### What to produce
When you reach the line containing "theory Submission" in the entries below, start writing out each line exactly, and stop after the line containing "text \<open>Both bounds".

### Collected data
(* Let $W$ and $H$ be arbitrary finite simple graphs, $U\subseteq V(W)$, and $G=W(U)\sqcap H$. Then \[Z(G)\le\min\bigl\{\,Z(W)\,|V(H)|,\ \ Z(H)\,|U|+(|V(W)|-|U|)\,|V(H)|\,\bigr\}.\]
   Context: All graphs are finite, simple and undirected. Zero forcing: given a graph $G$ and a set $S\subseteq V(G)$ of initially filled vertices, the color change rule says that if a filled vertex $v$ has exactly one unfilled neighbor $u$, then $v$ forces $u$ to become filled. $S$ is a zero forcing set if repeatedly applying this rule eventually fills every vertex of $G$. The zero forcing number $Z(G)$ is the minimum cardinality of a zero forcing set of $G$. Generalized hierarchical product: for graphs $W,H$ and $U\subseteq V(W)$ (the root set), $W(U)\sqcap H$ is the graph with vertex set $V(W)\times V(H)$ in which $(x_1,y_1)$ and $(x_2,y_2)$ are adjacent iff either ($x_1=x_2\in U$ and $y_1y_2\in E(H)$) or ($y_1=y_2$ and $x_1x_2\in E(W)$). *)

theory Defs
  imports Main
begin

definition simple_graph :: "'a set \<Rightarrow> 'a set set \<Rightarrow> bool" where
  "simple_graph V E \<longleftrightarrow> finite V \<and> (\<forall>e\<in>E. \<exists>x y. x \<in> V \<and> y \<in> V \<and> x \<noteq> y \<and> e = {x, y})"

definition adj :: "'a set set \<Rightarrow> 'a \<Rightarrow> 'a \<Rightarrow> bool" where
  "adj E x y \<longleftrightarrow> {x, y} \<in> E"

inductive_set filled :: "'a set \<Rightarrow> 'a set set \<Rightarrow> 'a set \<Rightarrow> 'a set"
  for V :: "'a set" and E :: "'a set set" and S :: "'a set" where
  init: "v \<in> S \<Longrightarrow> v \<in> filled V E S"
| force: "\<lbrakk> v \<in> filled V E S; v \<in> V; u \<in> V; adj E v u;
            \<forall>w\<in>V. adj E v w \<and> w \<noteq> u \<longrightarrow> w \<in> filled V E S \<rbrakk>
          \<Longrightarrow> u \<in> filled V E S"

definition zero_forcing_set :: "'a set \<Rightarrow> 'a set set \<Rightarrow> 'a set \<Rightarrow> bool" where
  "zero_forcing_set V E S \<longleftrightarrow> S \<subseteq> V \<and> V \<subseteq> filled V E S"

definition zero_forcing_number :: "'a set \<Rightarrow> 'a set set \<Rightarrow> nat" where
  "zero_forcing_number V E = Min (card ` {S. zero_forcing_set V E S})"

definition hprod_vertices :: "'a set \<Rightarrow> 'b set \<Rightarrow> ('a \<times> 'b) set" where
  "hprod_vertices VW VH = VW \<times> VH"

definition hprod_edges ::
  "'a set \<Rightarrow> 'a set set \<Rightarrow> 'a set \<Rightarrow> 'b set \<Rightarrow> 'b set set \<Rightarrow> ('a \<times> 'b) set set" where
  "hprod_edges VW EW U VH EH =
     {{(x1, y1), (x2, y2)} | x1 y1 x2 y2.
        x1 \<in> VW \<and> x2 \<in> VW \<and> y1 \<in> VH \<and> y2 \<in> VH \<and>
        ((x1 = x2 \<and> x1 \<in> U \<and> adj EH y1 y2) \<or> (y1 = y2 \<and> adj EW x1 x2))}"

end

theory Submission
  imports Defs
begin

text \<open>Both bounds come from explicit zero forcing sets of \<open>G = W(U) \<sqinter> H\<close>. If \<open>S\<close> forces \<open>W\<close>,
  then \<open>S \<times> V(H)\<close> forces \<open>G\<close>: every force \<open>v \<rightarrow> u\<close> of \<open>W\<close> can be replayed simultaneously in
  all copies \<open>V(W) \<times> {y}\<close>, because the only neighbours of \<open>(v, y)\<close> outside its copy are the
  vertices \<open>(v, y')\<close>, which are already filled. Symmetrically, if \<open>T\<close> forces \<open>H\<close>, then
  \<open>U \<times> T \<union> (V(W) - U) \<times> V(H)\<close> forces \<open>G\<close> by replaying the forces of \<open>H\<close> in all copies
  \<open>{x} \<times> V(H)\<close>, \<open>x \<in> U\<close>.\<close>

lemma adj_commute: "adj E x y \<longleftrightarrow> adj E y x"
  by (simp add: adj_def insert_commute)

lemma adj_hprod_edges:
  "adj (hprod_edges VW EW U VH EH) (x1, y1) (x2, y2) \<longleftrightarrow>
     x1 \<in> VW \<and> x2 \<in> VW \<and> y1 \<in> VH \<and> y2 \<in> VH \<and>
     ((x1 = x2 \<and> x1 \<in> U \<and> adj EH y1 y2) \<or> (y1 = y2 \<and> adj EW x1 x2))"
  (is "?L \<longleftrightarrow> ?R")
proof
  assume ?R
  then show ?L unfolding adj_def hprod_edges_def by blast
next
  assume ?L
  then obtain a1 b1 a2 b2 where e: "{(x1, y1), (x2, y2)} = {(a1, b1), (a2, b2)}"
    and c: "a1 \<in> VW \<and> a2 \<in> VW \<and> b1 \<in> VH \<and> b2 \<in> VH \<and>
            ((a1 = a2 \<and> a1 \<in> U \<and> adj EH b1 b2) \<or> (b1 = b2 \<and> adj EW a1 a2))"
    unfolding adj_def hprod_edges_def by blast
  from e have "((x1, y1) = (a1, b1) \<and> (x2, y2) = (a2, b2)) \<or>
               ((x1, y1) = (a2, b2) \<and> (x2, y2) = (a1, b1))"
    by (simp add: doubleton_eq_iff)
  then show ?R using c adj_commute by (metis Pair_inject)
qed

lemma finite_zero_forcing_sets:
  assumes "finite V"
  shows "finite {S. zero_forcing_set V E S}"
proof (rule finite_subset)
  show "{S. zero_forcing_set V E S} \<subseteq> Pow V" by (auto simp: zero_forcing_set_def)
qed (use assms in simp)

lemma zero_forcing_number_le:
  assumes "finite V" and "zero_forcing_set V E S"
  shows "zero_forcing_number V E \<le> card S"
  using finite_zero_forcing_sets[OF assms(1)] assms(2)
  unfolding zero_forcing_number_def by simp

lemma zero_forcing_number_attained:
  assumes "finite V"
  obtains S where "zero_forcing_set V E S" and "card S = zero_forcing_number V E"
proof -
  have "finite {S. zero_forcing_set V E S}" using assms by (rule finite_zero_forcing_sets)
  moreover have "zero_forcing_set V E V" by (auto simp: zero_forcing_set_def intro: filled.init)
  ultimately have "zero_forcing_number V E \<in> card ` {S. zero_forcing_set V E S}"
    unfolding zero_forcing_number_def by (intro Min_in) auto
  then show ?thesis using that by auto
qed

text \<open>The induction runs over all copies \<open>f _ y\<close> at once, which is why a neighbour
  \<open>f x y'\<close> of \<open>f x y\<close> in another copy counts as filled.\<close>

lemma filled_in_copies:
  fixes f :: "'a \<Rightarrow> 'c \<Rightarrow> 'b"
  assumes x: "x \<in> filled V' E' S'"
    and seeds: "\<And>x y. x \<in> S' \<Longrightarrow> y \<in> Y \<Longrightarrow> f x y \<in> filled V E S"
    and copy_in: "\<And>x y. x \<in> V' \<Longrightarrow> y \<in> Y \<Longrightarrow> f x y \<in> V"
    and copy_adj: "\<And>x x' y. x \<in> V' \<Longrightarrow> x' \<in> V' \<Longrightarrow> y \<in> Y \<Longrightarrow> adj E' x x' \<Longrightarrow>
                     adj E (f x y) (f x' y)"
    and neighbours: "\<And>x y w. x \<in> V' \<Longrightarrow> y \<in> Y \<Longrightarrow> w \<in> V \<Longrightarrow> adj E (f x y) w \<Longrightarrow>
                       (\<exists>x'\<in>V'. adj E' x x' \<and> w = f x' y) \<or> (\<exists>y'\<in>Y. w = f x y') \<or>
                       w \<in> filled V E S"
  shows "\<forall>y\<in>Y. f x y \<in> filled V E S"
  using x
proof (induction rule: filled.induct)
  case (init v)
  then show ?case using seeds by blast
next
  case (force v u)
  show ?case
  proof
    fix y assume y: "y \<in> Y"
    show "f u y \<in> filled V E S"
    proof (rule filled.force[where v = "f v y"])
      show "f v y \<in> filled V E S" using force.IH y by blast
      show "f v y \<in> V" "f u y \<in> V" using force.hyps y copy_in by auto
      show "adj E (f v y) (f u y)" using force.hyps y copy_adj by blast
      show "\<forall>w\<in>V. adj E (f v y) w \<and> w \<noteq> f u y \<longrightarrow> w \<in> filled V E S"
      proof (intro ballI impI)
        fix w assume "w \<in> V" and w: "adj E (f v y) w \<and> w \<noteq> f u y"
        then consider (same_copy) x' where "x' \<in> V'" "adj E' v x'" "w = f x' y"
          | (other_copy) y' where "y' \<in> Y" "w = f v y'"
          | (filled) "w \<in> filled V E S"
          using neighbours force.hyps y by blast
        then show "w \<in> filled V E S"
        proof cases
          case same_copy
          then show ?thesis using force.IH w y by blast
        qed (use force.IH in auto)
      qed
    qed
  qed
qed

lemma zero_forcing_set_hprod_left:
  assumes "zero_forcing_set VW EW S"
  shows "zero_forcing_set (hprod_vertices VW VH) (hprod_edges VW EW U VH EH) (S \<times> VH)"
proof -
  have "\<forall>y\<in>VH. (x, y) \<in> filled (hprod_vertices VW VH) (hprod_edges VW EW U VH EH) (S \<times> VH)"
    if "x \<in> filled VW EW S" for x
    using that
    by (rule filled_in_copies[where f = Pair and V' = VW])
       (auto simp: hprod_vertices_def adj_hprod_edges intro: filled.init)
  then show ?thesis using assms by (auto simp: zero_forcing_set_def hprod_vertices_def)
qed

lemma zero_forcing_set_hprod_right:
  assumes "zero_forcing_set VH EH T" and "U \<subseteq> VW"
  shows "zero_forcing_set (hprod_vertices VW VH) (hprod_edges VW EW U VH EH)
           (U \<times> T \<union> (VW - U) \<times> VH)"
proof -
  let ?S = "U \<times> T \<union> (VW - U) \<times> VH"
  have layers: "\<forall>x\<in>U. (x, y) \<in> filled (hprod_vertices VW VH) (hprod_edges VW EW U VH EH) ?S"
    if "y \<in> filled VH EH T" for y
    using that
    by (rule filled_in_copies[where f = "\<lambda>y x. (x, y)" and V' = VH])
       (use assms(2) in \<open>auto simp: hprod_vertices_def adj_hprod_edges intro: filled.init\<close>)
  have "(x, y) \<in> filled (hprod_vertices VW VH) (hprod_edges VW EW U VH EH) ?S"
    if "x \<in> VW" "y \<in> VH" for x y
  proof (cases "x \<in> U")
    case True
    then show ?thesis using layers assms(1) that by (auto simp: zero_forcing_set_def)
  next
    case False
    then show ?thesis using that by (auto intro: filled.init)
  qed
  then show ?thesis using assms by (auto simp: zero_forcing_set_def hprod_vertices_def)
qed

lemma zero_forcing_number_hprod_le_left:
  assumes "finite VW" and "finite VH"
  shows "zero_forcing_number (hprod_vertices VW VH) (hprod_edges VW EW U VH EH)
         \<le> zero_forcing_number VW EW * card VH"
proof -
  obtain S where S: "zero_forcing_set VW EW S" "card S = zero_forcing_number VW EW"
    using zero_forcing_number_attained[OF assms(1)] .
  have "zero_forcing_number (hprod_vertices VW VH) (hprod_edges VW EW U VH EH) \<le> card (S \<times> VH)"
    using assms zero_forcing_set_hprod_left[OF S(1)]
    by (intro zero_forcing_number_le) (auto simp: hprod_vertices_def)
  then show ?thesis using S(2) by (simp add: card_cartesian_product)
qed

lemma zero_forcing_number_hprod_le_right:
  assumes "finite VW" and "finite VH" and "U \<subseteq> VW"
  shows "zero_forcing_number (hprod_vertices VW VH) (hprod_edges VW EW U VH EH)
         \<le> zero_forcing_number VH EH * card U + (card VW - card U) * card VH"
proof -
  obtain T where T: "zero_forcing_set VH EH T" "card T = zero_forcing_number VH EH"
    using zero_forcing_number_attained[OF assms(2)] .
  have fin: "finite U" "finite T"
    using assms T(1) finite_subset by (auto simp: zero_forcing_set_def)
  have "card (U \<times> T \<union> (VW - U) \<times> VH) = card U * card T + card (VW - U) * card VH"
    using fin assms by (subst card_Un_disjoint) (auto simp: card_cartesian_product)
  also have "card (VW - U) = card VW - card U" using assms(3) fin by (simp add: card_Diff_subset)
  finally have "card (U \<times> T \<union> (VW - U) \<times> VH)
                = zero_forcing_number VH EH * card U + (card VW - card U) * card VH"
    using T(2) by simp
  moreover have "zero_forcing_number (hprod_vertices VW VH) (hprod_edges VW EW U VH EH)
                 \<le> card (U \<times> T \<union> (VW - U) \<times> VH)"
    using assms zero_forcing_set_hprod_right[OF T(1) assms(3)]
    by (intro zero_forcing_number_le) (auto simp: hprod_vertices_def)
  ultimately show ?thesis by simp
qed

theorem mainTheorem11:
  fixes VW :: "'a set" and EW :: "'a set set" and VH :: "'b set" and EH :: "'b set set"
    and U :: "'a set"
  assumes "simple_graph VW EW" and "simple_graph VH EH" and "U \<subseteq> VW"
  shows "zero_forcing_number (hprod_vertices VW VH) (hprod_edges VW EW U VH EH)
         \<le> min (zero_forcing_number VW EW * card VH)
                (zero_forcing_number VH EH * card U + (card VW - card U) * card VH)"
proof -
  have "finite VW" and "finite VH" using assms(1,2) by (auto simp: simple_graph_def)
  then show ?thesis
    using zero_forcing_number_hprod_le_left[of VW VH EW U EH]
      zero_forcing_number_hprod_le_right[of VW VH U EW EH] assms(3)
    by simp
qed

end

### Answer to this problem
theory Submission
  imports Defs
begin

text \<open>Both bounds come from explicit zero forcing sets of \<open>G = W(U) \<sqinter> H\<close>. If \<open>S\<close> forces \<open>W\<close>,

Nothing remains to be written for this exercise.